Written by Steve Rowe. Posted in Articles By Steve Rowe, Interviews

DJ  Last month Steve we were talking about reality and aggression training.   Many instructors use aggression training to prepare their students for reality… I’m going to stop here Steve.  But before I get on with the discussion, I must talk history and dispel some of, shall we say ‘misinformation’ that I picked up when I began learning karate.   

Apart from the cultural element of traditional martial arts, historically it seems it has proved most useful for developing, especially among the oriental nations, the ‘fighting spirit’ of young recruits.  During the initial phase of the Second World War the Japanese army were losing many non-commissioned officers and officers.  Brandishing their long swords these ‘Knights of Bushido’ would charge the enemy and then be quickly killed!  Because they were so willing to die within the opening moments of battle, it became a problem for army high command.  However, it didn’t turn into a major issue because the Imperial Japanese Army was finding it easy, in early 1942, to cleanse the ‘white race’ out of the Far East, and every body else who got in their way.  By 1944 things were very different.  The army was by now not only losing officers but were also losing, and in vast numbers, the other ranks that made up their bulk.  To the shouts of ‘Banzai’ often being the last thing they said and heard they died in their hundreds of thousands.  A neighbour, an old friend of my father, had fought at the Battle of Kohima.  Enthralled I can remember him talking about jungle fighting:  ‘Burma (Myanmar) was a hell-hole and we lost a lot of good men there.  But once we got used to their shouting; they were easy to deal with.  We would wait for the shouts and a moment later they’d be charging at our lines.  Swinging samurai swords around their heads we would…’

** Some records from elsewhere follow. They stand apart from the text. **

theorem mainTheorem2:
  fixes d :: nat and v :: "nat \<Rightarrow> real"
  assumes "d \<ge> 3"
    and "\<exists>q1 q2. hom_pot d v q1 q2 \<noteq> 0"
  defines "V \<equiv> full_pot d v"
  shows "(\<exists>\<alpha> \<beta> \<beta>' \<gamma> \<gamma>' :: real. (\<alpha>, \<beta>, \<beta>', \<gamma>, \<gamma>') \<noteq> (0, 0, 0, 0, 0) \<and>
     (\<forall>q1 q2.
        (d2 (d2 V) q1 q2 - d1 (d1 V) q1 q2) * (-2*\<alpha>*q1*q2 - \<beta>'*q2 - \<beta>*q1 + \<gamma>)
        + 2 * d2 (d1 V) q1 q2 * (\<alpha>*q2^2 - \<alpha>*q1^2 + \<beta>*q2 - \<beta>'*q1 + \<gamma>')
        + d1 V q1 q2 * (6*\<alpha>*q2 + 3*\<beta>) - d2 V q1 q2 * (6*\<alpha>*q1 + 3*\<beta>') = 0))
   \<longleftrightarrow>
   ((odd d \<and> d \<ge> 5 \<longrightarrow> rank2 (Mcols d v) = 1) \<and>
    (even d \<and> d \<ge> 4 \<longrightarrow>
       rank2 (Mcols d v) = 1 \<or>
       (v 0 \<noteq> 0 \<and>
        (\<forall>h\<in>{1..d div 2}. v (2*h) = real ((d div 2) choose h) / real (d choose (2*h)) * v 0) \<and>
        (\<forall>h'\<in>{1..d div 2}. v (2*h' - 1) = 0))) \<and>
    (d = 3 \<longrightarrow> rank2 (Mcols 3 v) = 1 \<or> rank2 (M3cols v) = 1))"
proof -
  have nonzero: "\<exists>h\<le>d. v h \<noteq> 0"
    using assms(2) hom_pot_nonzero_imp_coeff_nonzero by blast
  have "bertrand_darboux_solvable d v \<longleftrightarrow>
      (odd d \<and> d \<ge> 5 \<longrightarrow> rank2 (Mcols d v) = 1) \<and>
      (even d \<and> d \<ge> 4 \<longrightarrow> rank2 (Mcols d v) = 1 \<or> radial_coeffs d v) \<and>
      (d = 3 \<longrightarrow> rank2 (Mcols 3 v) = 1 \<or> rank2 (M3cols v) = 1)"
  proof (cases "d = 3")
    case True
    then show ?thesis
      using bertrand_darboux_solvable_deg3 nonzero by simp
  next
    case False
    then have "d \<ge> 4" "odd d \<Longrightarrow> d \<ge> 5"
      using \<open>d \<ge> 3\<close> by presburger+
    then show ?thesis
      using bertrand_darboux_solvable_deg_ge4 nonzero by auto
  qed
  then show ?thesis
    unfolding V_def bertrand_darboux_solvable_def bertrand_darboux_expr_def radial_coeffs_def .
qed

end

By July 1944 with the allies closing in on the homeland, General Tojo in effect dictator of Japan issued a statement on the fall of Saipan:

‘…Let us all of our one hundred million people together, renew our pledge and our determination to make the supreme sacrifice and concentrate the traditional fighting spirit of our country handed down through three thousand years to the attainment of the ultimate victor…’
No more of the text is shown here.